The problem: Here are the records. Print them all exactly.

::::

lemma motzkin_tree_surj:
  "nmarks t = 0 \<Longrightarrow> distinct (leaves t) \<Longrightarrow> \<not> is_leaf t \<Longrightarrow> motzkin_realizable t"
proof (induction t)
  case (Node m l r)
  have m: "m = False" and marks: "nmarks l = 0" "nmarks r = 0"
    using Node.prems(1) by (auto split: if_splits)
  have dist: "distinct (leaves l)" "distinct (leaves r)" "set (leaves l) \<inter> set (leaves r) = {}"
    using Node.prems(2) by auto
  show ?case
  proof (cases l; cases r)
    fix ml x mr y assume "l = Leaf ml x" "r = Leaf mr y"
    then show ?thesis using marks dist(3) m motzkin_realizable_base by (auto split: if_splits)
  next
    fix ml x m' r\<^sub>1 r\<^sub>2 assume "l = Leaf ml x" "r = Node m' r\<^sub>1 r\<^sub>2"
    then show ?thesis
      using marks dist m Node.IH(2) motzkin_realizable_flat[of r x] by (auto split: if_splits)
  next
    fix m' l\<^sub>1 l\<^sub>2 mr y assume "l = Node m' l\<^sub>1 l\<^sub>2" "r = Leaf mr y"
    then show ?thesis
      using marks dist m Node.IH(1) motzkin_realizable_flat[of l y] motzkin_realizable_swap
      by (auto split: if_splits)
  next
    fix m' l\<^sub>1 l\<^sub>2 m'' r\<^sub>1 r\<^sub>2 assume "l = Node m' l\<^sub>1 l\<^sub>2" "r = Node m'' r\<^sub>1 r\<^sub>2"
    then show ?thesis using marks dist m Node.IH motzkin_realizable_peak by simp
  qed
qed simp

section \<open>Positive paths and marked trees\<close>

lemma leaves_mark_root [simp]: "leaves (mark_root t) = leaves t"
  by (cases t) auto

lemma nmarks_mark_root: "\<not> root_mark t \<Longrightarrow> nmarks (mark_root t) = Suc (nmarks t)"
  by (cases t) auto

lemma single_mark_not_unmarked_leaf: "nmarks t = 1 \<Longrightarrow> \<not> unmarked_leaf t"
  by (cases t) (auto split: if_splits)

lemma positive_tree_structure:
  assumes "positive_labelled p \<sigma>"
  shows "nmarks (positive_tree p \<sigma>) = 1 \<and> set (leaves (positive_tree p \<sigma>)) = set \<sigma> \<and>
    length (leaves (positive_tree p \<sigma>)) = length \<sigma>"
  using assms
proof (induction rule: positive_labelled_induct)
  case (leaf x)
  then show ?case by (simp add: positive_tree_leaf)
next
  case (flat c x \<tau>)
  then show ?case by (simp add: positive_tree_flat)
next
  case (marked_root a \<sigma>)
  then show ?case
    using motzkin_tree_structure[OF marked_root(3)]
    by (simp add: positive_tree_marked_root nmarks_mark_root)
next
  case (split a d w \<sigma>\<^sub>1 \<sigma>\<^sub>2)
  then show ?case
    using motzkin_tree_structure[OF split(6)] positive_tree_split[OF split(1-5)] by simp
qed

lemma positive_tree_distinct_leaves:
  assumes "positive_labelled p \<sigma>"
  shows "distinct (leaves (positive_tree p \<sigma>))"
proof -
  have "distinct \<sigma>" using assms by (simp add: positive_labelled_def)
  then show ?thesis using positive_tree_structure[OF assms] by (metis card_distinct distinct_card)
qed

::::

Solution for this problem:
lemma motzkin_tree_surj:
  "nmarks t = 0 \<Longrightarrow> distinct (leaves t) \<Longrightarrow> \<not> is_leaf t \<Longrightarrow> motzkin_realizable t"
proof (induction t)
  case (Node m l r)
  have m: "m = False" and marks: "nmarks l = 0" "nmarks r = 0"
    using Node.prems(1) by (auto split: if_splits)
  have dist: "distinct (leaves l)" "distinct (leaves r)" "set (leaves l) \<inter> set (leaves r) = {}"
    using Node.prems(2) by auto
  show ?case
  proof (cases l; cases r)
    fix ml x mr y assume "l = Leaf ml x" "r = Leaf mr y"
    then show ?thesis using marks dist(3) m motzkin_realizable_base by (auto split: if_splits)
  next
    fix ml x m' r\<^sub>1 r\<^sub>2 assume "l = Leaf ml x" "r = Node m' r\<^sub>1 r\<^sub>2"
    then show ?thesis
      using marks dist m Node.IH(2) motzkin_realizable_flat[of r x] by (auto split: if_splits)
  next
    fix m' l\<^sub>1 l\<^sub>2 mr y assume "l = Node m' l\<^sub>1 l\<^sub>2" "r = Leaf mr y"
    then show ?thesis
      using marks dist m Node.IH(1) motzkin_realizable_flat[of l y] motzkin_realizable_swap
      by (auto split: if_splits)
  next
    fix m' l\<^sub>1 l\<^sub>2 m'' r\<^sub>1 r\<^sub>2 assume "l = Node m' l\<^sub>1 l\<^sub>2" "r = Node m'' r\<^sub>1 r\<^sub>2"
    then show ?thesis using marks dist m Node.IH motzkin_realizable_peak by simp
  qed
qed simp

section \<open>Positive paths and marked trees\<close>

lemma leaves_mark_root [simp]: "leaves (mark_root t) = leaves t"
  by (cases t) auto

lemma nmarks_mark_root: "\<not> root_mark t \<Longrightarrow> nmarks (mark_root t) = Suc (nmarks t)"
  by (cases t) auto

lemma single_mark_not_unmarked_leaf: "nmarks t = 1 \<Longrightarrow> \<not> unmarked_leaf t"
  by (cases t) (auto split: if_splits)

lemma positive_tree_structure:
  assumes "positive_labelled p \<sigma>"
  shows "nmarks (positive_tree p \<sigma>) = 1 \<and> set (leaves (positive_tree p \<sigma>)) = set \<sigma> \<and>
    length (leaves (positive_tree p \<sigma>)) = length \<sigma>"
  using assms
proof (induction rule: positive_labelled_induct)
  case (leaf x)
  then show ?case by (simp add: positive_tree_leaf)
next
  case (flat c x \<tau>)
  then show ?case by (simp add: positive_tree_flat)
next
  case (marked_root a \<sigma>)
  then show ?case
    using motzkin_tree_structure[OF marked_root(3)]
    by (simp add: positive_tree_marked_root nmarks_mark_root)
next
  case (split a d w \<sigma>\<^sub>1 \<sigma>\<^sub>2)
  then show ?case
    using motzkin_tree_structure[OF split(6)] positive_tree_split[OF split(1-5)] by simp
qed

lemma positive_tree_distinct_leaves:
  assumes "positive_labelled p \<sigma>"
  shows "distinct (leaves (positive_tree p \<sigma>))"
proof -
  have "distinct \<sigma>" using assms by (simp add: positive_labelled_def)
  then show ?thesis using positive_tree_structure[OF assms] by (metis card_distinct distinct_card)
qed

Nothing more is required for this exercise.